- _Problem details_:
Search the entries for the word "ultimately". Copy every line that holds it.

----------

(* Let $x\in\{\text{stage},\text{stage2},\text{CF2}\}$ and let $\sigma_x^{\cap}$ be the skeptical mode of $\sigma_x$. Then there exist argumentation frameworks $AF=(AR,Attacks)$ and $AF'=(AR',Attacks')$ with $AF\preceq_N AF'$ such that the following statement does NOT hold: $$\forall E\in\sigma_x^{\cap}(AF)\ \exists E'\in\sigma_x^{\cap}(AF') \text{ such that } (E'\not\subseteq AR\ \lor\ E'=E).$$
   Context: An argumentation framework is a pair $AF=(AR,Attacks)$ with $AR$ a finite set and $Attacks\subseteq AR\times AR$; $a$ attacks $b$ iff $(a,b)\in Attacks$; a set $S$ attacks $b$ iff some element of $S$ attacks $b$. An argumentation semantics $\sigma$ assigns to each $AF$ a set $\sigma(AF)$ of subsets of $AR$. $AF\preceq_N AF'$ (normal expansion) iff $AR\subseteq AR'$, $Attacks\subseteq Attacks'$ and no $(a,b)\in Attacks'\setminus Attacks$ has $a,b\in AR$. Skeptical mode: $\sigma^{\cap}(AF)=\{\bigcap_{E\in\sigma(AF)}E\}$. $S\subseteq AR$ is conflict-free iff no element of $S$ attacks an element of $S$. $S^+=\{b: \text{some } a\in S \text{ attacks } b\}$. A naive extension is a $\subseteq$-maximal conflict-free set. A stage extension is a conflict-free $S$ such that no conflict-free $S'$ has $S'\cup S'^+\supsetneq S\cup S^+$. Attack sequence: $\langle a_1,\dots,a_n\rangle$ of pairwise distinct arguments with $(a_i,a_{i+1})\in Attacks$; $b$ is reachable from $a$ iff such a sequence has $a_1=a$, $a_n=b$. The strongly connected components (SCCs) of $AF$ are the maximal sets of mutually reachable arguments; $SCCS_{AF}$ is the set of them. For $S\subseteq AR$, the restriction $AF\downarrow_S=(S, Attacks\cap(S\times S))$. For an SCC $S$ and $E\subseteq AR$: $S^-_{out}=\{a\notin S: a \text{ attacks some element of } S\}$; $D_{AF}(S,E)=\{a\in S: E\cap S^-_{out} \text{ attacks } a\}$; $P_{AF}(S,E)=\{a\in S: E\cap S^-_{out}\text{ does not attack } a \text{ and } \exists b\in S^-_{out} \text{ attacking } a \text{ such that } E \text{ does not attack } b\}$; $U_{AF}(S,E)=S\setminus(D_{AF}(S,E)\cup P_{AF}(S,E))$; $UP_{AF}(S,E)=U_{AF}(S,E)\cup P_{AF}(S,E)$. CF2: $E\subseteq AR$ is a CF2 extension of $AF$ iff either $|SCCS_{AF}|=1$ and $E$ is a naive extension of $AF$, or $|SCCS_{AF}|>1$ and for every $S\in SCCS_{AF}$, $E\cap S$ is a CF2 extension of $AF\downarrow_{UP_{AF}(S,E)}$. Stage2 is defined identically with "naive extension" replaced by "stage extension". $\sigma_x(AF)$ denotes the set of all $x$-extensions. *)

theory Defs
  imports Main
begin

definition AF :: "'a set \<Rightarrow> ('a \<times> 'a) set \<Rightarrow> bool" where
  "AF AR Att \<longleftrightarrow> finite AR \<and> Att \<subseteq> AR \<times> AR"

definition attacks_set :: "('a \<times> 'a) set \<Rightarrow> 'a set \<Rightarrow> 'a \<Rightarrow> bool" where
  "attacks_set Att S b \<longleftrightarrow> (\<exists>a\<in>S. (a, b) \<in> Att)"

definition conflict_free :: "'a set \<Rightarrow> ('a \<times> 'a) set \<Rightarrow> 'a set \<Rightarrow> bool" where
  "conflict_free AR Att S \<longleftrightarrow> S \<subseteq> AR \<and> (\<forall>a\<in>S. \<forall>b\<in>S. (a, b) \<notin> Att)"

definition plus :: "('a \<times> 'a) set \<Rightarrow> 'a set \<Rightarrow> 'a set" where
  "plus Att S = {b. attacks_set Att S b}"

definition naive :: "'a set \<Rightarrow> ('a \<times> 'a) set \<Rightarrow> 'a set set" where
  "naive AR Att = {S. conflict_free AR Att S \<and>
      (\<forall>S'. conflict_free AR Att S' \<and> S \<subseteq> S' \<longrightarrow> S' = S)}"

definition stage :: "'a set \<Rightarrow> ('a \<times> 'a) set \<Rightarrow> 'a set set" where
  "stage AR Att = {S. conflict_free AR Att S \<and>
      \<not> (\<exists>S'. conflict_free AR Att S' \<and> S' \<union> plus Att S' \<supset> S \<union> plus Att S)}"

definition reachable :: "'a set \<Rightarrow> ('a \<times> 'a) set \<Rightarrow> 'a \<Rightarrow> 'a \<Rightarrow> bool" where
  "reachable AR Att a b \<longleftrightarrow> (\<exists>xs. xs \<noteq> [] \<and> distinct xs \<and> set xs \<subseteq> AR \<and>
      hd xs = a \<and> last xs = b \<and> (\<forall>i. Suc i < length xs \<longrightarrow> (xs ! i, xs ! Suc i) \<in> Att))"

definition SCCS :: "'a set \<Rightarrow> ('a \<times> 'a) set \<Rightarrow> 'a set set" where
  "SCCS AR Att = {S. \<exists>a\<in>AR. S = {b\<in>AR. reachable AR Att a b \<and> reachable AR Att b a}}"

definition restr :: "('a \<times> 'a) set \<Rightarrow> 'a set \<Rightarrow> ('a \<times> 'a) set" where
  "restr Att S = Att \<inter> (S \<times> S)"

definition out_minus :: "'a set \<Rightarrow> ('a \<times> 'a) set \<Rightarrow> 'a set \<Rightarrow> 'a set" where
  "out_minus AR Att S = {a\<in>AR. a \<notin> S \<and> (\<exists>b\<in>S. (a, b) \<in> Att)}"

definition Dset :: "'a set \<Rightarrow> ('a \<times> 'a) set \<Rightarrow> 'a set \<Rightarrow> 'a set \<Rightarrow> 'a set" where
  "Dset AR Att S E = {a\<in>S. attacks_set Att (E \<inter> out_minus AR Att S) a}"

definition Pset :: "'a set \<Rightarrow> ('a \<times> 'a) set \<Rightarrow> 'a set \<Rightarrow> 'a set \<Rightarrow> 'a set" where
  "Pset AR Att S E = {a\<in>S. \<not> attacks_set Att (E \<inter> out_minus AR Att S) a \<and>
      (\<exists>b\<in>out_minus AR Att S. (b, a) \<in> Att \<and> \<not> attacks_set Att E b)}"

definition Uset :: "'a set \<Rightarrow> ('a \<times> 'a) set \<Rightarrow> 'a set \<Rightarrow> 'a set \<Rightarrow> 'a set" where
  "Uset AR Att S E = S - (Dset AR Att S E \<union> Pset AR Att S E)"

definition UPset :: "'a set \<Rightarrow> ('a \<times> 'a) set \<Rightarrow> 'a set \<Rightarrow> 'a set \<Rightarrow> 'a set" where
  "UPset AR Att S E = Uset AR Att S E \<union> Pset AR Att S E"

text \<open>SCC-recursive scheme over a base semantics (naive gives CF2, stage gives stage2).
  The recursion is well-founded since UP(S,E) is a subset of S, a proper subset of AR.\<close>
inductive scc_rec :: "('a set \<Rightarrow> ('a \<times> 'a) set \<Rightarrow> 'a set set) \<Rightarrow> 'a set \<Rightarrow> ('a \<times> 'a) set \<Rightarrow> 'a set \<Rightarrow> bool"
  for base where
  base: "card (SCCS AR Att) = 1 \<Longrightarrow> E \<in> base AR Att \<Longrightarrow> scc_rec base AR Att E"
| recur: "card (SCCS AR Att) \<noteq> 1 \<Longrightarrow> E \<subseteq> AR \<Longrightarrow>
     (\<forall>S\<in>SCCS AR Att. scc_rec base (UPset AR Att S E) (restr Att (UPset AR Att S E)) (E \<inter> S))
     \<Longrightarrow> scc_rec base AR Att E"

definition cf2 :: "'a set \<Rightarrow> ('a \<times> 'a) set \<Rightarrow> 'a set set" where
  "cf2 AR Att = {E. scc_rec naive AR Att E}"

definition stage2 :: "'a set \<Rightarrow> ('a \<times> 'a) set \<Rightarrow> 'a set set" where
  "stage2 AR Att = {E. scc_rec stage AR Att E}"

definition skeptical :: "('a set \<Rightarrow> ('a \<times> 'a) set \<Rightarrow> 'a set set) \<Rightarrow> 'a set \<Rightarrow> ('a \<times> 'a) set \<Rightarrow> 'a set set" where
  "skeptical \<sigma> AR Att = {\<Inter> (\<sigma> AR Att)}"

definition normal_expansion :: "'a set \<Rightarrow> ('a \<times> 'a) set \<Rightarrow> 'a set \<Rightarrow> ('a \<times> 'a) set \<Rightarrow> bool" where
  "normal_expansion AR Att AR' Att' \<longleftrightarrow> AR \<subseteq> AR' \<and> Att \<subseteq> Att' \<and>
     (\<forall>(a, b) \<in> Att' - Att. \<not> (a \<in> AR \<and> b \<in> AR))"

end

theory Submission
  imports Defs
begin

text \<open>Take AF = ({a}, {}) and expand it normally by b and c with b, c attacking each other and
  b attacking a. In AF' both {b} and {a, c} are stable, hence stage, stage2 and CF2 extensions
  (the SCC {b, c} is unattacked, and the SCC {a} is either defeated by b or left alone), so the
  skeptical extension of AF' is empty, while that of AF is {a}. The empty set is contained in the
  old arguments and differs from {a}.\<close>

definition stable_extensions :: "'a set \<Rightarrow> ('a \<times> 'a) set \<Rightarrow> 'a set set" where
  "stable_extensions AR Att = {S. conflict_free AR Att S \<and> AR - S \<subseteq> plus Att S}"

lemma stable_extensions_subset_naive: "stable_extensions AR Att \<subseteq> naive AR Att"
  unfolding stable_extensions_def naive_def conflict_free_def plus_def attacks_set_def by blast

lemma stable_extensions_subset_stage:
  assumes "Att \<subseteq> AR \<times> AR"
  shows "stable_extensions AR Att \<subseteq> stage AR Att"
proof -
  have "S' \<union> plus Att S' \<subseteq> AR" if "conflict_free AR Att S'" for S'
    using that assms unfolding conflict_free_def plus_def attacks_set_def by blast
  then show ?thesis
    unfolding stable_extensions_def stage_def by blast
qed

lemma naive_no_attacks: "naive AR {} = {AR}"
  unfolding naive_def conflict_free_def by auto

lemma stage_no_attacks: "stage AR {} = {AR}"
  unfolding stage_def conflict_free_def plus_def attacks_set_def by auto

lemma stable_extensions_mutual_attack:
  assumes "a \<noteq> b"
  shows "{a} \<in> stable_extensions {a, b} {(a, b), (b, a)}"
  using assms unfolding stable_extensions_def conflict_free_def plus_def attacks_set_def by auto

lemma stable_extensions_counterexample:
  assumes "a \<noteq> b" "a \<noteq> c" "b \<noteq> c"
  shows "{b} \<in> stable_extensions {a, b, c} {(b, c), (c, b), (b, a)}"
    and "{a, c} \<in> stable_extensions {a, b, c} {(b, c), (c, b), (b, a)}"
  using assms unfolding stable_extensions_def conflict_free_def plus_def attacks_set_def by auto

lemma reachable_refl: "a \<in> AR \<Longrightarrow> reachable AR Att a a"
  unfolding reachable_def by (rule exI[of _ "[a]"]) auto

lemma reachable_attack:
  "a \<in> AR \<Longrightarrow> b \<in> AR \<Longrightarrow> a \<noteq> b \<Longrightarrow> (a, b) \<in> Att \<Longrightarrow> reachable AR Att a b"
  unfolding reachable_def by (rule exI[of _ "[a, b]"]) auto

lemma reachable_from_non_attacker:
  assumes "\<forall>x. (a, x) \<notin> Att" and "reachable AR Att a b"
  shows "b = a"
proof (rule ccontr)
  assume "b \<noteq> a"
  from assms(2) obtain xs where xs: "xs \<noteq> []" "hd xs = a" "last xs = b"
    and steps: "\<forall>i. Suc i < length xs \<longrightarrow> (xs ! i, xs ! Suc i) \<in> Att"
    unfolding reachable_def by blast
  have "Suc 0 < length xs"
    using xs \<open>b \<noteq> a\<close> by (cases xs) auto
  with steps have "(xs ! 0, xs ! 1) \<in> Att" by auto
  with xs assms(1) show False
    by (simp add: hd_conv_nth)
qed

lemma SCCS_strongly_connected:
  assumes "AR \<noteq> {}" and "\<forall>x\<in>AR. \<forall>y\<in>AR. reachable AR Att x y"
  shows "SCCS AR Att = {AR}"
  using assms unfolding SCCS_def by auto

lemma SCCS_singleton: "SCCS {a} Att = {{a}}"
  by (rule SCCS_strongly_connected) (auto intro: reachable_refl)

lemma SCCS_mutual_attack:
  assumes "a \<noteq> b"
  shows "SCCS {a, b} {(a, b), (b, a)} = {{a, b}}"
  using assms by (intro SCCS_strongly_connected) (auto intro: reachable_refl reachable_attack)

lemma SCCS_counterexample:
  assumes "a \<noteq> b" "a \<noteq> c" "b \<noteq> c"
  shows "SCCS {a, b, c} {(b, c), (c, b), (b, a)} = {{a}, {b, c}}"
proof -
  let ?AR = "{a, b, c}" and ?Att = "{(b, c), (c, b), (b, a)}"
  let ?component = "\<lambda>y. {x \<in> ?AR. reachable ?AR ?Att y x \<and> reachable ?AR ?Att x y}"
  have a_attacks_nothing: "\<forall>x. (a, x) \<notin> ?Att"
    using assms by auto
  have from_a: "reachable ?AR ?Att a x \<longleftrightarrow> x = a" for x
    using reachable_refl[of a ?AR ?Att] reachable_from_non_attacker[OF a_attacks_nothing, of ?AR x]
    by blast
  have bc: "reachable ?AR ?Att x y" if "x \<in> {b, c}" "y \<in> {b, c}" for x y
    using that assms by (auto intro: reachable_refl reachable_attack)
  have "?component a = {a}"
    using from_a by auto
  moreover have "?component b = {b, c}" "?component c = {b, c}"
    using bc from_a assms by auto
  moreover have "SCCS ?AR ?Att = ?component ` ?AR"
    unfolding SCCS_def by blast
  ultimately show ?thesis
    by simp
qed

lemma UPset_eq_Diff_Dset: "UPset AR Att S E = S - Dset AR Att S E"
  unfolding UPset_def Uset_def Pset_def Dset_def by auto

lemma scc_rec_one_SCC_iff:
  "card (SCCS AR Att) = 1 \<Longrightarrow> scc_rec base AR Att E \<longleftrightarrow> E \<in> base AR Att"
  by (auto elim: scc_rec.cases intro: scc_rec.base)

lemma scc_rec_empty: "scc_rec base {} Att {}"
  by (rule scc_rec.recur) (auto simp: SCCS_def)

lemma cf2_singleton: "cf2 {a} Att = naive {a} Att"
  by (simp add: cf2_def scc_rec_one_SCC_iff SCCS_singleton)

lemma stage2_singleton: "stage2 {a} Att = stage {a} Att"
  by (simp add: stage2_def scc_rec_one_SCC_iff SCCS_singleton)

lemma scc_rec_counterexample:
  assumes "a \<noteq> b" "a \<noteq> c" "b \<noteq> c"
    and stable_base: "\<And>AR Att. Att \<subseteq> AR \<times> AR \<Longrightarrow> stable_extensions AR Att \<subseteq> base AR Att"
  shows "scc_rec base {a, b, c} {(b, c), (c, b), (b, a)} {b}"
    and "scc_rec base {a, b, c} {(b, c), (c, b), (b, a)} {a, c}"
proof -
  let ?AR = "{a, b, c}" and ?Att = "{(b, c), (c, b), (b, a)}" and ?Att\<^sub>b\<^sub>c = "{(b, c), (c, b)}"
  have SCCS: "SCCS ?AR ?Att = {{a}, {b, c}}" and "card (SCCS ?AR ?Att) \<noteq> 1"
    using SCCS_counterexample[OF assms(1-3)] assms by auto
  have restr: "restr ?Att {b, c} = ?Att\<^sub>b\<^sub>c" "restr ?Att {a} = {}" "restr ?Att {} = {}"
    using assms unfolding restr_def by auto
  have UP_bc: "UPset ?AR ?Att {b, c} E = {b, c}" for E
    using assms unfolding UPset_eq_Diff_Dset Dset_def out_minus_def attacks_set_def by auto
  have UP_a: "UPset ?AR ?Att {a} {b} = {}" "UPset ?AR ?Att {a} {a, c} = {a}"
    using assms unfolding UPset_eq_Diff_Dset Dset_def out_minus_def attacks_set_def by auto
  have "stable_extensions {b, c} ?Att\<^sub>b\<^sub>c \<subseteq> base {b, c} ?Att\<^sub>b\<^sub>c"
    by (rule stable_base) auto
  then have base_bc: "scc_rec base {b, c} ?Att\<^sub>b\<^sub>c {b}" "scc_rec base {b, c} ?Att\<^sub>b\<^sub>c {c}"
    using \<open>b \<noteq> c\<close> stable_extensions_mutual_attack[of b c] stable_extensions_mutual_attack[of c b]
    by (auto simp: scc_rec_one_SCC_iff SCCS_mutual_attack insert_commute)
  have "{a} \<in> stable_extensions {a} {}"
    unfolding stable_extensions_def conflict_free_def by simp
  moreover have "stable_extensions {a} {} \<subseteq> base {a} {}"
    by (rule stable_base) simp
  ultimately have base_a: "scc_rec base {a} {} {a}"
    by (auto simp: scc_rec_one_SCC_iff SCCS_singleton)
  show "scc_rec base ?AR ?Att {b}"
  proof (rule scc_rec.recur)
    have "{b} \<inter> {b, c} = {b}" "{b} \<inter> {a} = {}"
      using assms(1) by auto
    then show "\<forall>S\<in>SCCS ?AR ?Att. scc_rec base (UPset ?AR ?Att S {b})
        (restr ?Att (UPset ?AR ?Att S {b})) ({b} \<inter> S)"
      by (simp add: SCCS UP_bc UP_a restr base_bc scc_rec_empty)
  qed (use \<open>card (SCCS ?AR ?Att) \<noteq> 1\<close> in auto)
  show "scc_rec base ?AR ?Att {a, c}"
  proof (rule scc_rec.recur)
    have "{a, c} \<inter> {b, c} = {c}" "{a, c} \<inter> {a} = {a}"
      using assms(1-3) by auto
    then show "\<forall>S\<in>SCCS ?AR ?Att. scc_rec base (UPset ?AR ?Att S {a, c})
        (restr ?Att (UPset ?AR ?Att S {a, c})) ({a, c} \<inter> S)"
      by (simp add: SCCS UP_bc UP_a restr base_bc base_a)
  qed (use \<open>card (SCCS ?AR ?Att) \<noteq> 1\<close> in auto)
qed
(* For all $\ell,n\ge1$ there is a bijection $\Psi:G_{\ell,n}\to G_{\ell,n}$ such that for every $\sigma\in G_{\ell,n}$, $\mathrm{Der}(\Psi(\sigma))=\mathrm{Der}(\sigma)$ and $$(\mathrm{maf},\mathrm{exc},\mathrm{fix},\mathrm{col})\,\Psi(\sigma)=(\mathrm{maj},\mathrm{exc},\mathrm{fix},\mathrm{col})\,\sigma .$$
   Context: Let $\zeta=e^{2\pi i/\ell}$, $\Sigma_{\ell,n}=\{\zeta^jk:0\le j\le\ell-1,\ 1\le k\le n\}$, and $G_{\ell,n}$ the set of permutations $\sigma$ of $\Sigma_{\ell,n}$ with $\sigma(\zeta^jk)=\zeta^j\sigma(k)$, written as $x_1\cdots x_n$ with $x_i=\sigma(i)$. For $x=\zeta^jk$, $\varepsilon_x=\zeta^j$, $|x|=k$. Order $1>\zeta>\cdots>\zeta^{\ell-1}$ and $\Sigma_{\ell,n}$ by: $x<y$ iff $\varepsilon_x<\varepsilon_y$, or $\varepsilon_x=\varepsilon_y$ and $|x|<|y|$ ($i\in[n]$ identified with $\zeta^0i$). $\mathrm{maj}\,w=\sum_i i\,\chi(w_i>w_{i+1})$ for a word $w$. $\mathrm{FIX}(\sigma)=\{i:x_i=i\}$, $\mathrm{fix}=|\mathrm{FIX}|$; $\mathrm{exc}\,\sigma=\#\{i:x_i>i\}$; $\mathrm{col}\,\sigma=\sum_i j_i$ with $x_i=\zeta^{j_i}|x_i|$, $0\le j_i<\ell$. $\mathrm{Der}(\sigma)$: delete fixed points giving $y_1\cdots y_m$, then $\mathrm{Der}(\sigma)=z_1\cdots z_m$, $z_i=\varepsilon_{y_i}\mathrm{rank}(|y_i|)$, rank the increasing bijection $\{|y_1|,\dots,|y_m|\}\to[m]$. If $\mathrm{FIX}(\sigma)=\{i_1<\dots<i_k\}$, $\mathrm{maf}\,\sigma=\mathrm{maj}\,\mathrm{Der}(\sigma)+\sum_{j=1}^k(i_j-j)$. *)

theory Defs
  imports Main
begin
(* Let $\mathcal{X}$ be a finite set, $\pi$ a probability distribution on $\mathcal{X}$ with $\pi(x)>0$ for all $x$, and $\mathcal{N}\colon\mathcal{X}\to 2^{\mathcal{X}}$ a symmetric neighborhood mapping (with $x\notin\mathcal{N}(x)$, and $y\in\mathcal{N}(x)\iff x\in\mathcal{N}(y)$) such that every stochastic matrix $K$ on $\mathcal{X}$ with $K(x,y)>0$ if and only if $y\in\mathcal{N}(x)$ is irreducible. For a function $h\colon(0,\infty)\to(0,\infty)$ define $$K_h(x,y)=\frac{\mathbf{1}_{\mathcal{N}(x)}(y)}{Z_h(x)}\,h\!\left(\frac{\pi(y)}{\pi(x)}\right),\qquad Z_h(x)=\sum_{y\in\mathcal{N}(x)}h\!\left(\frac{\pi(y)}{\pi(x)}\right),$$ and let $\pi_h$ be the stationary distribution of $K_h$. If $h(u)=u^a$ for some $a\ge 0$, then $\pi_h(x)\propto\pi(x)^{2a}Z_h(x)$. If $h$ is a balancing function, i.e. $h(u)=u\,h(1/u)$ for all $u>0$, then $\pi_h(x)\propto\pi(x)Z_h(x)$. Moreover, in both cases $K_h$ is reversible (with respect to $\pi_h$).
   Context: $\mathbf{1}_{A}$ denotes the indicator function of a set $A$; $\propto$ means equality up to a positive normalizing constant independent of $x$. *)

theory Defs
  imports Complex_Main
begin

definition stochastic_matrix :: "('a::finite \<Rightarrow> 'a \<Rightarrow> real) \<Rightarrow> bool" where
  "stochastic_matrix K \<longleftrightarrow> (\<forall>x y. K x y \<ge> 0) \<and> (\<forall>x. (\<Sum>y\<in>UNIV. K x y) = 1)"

----------

- _Your solution_:
  ultimately show ?thesis
  ultimately have base_a: "scc_rec base {a} {} {a}"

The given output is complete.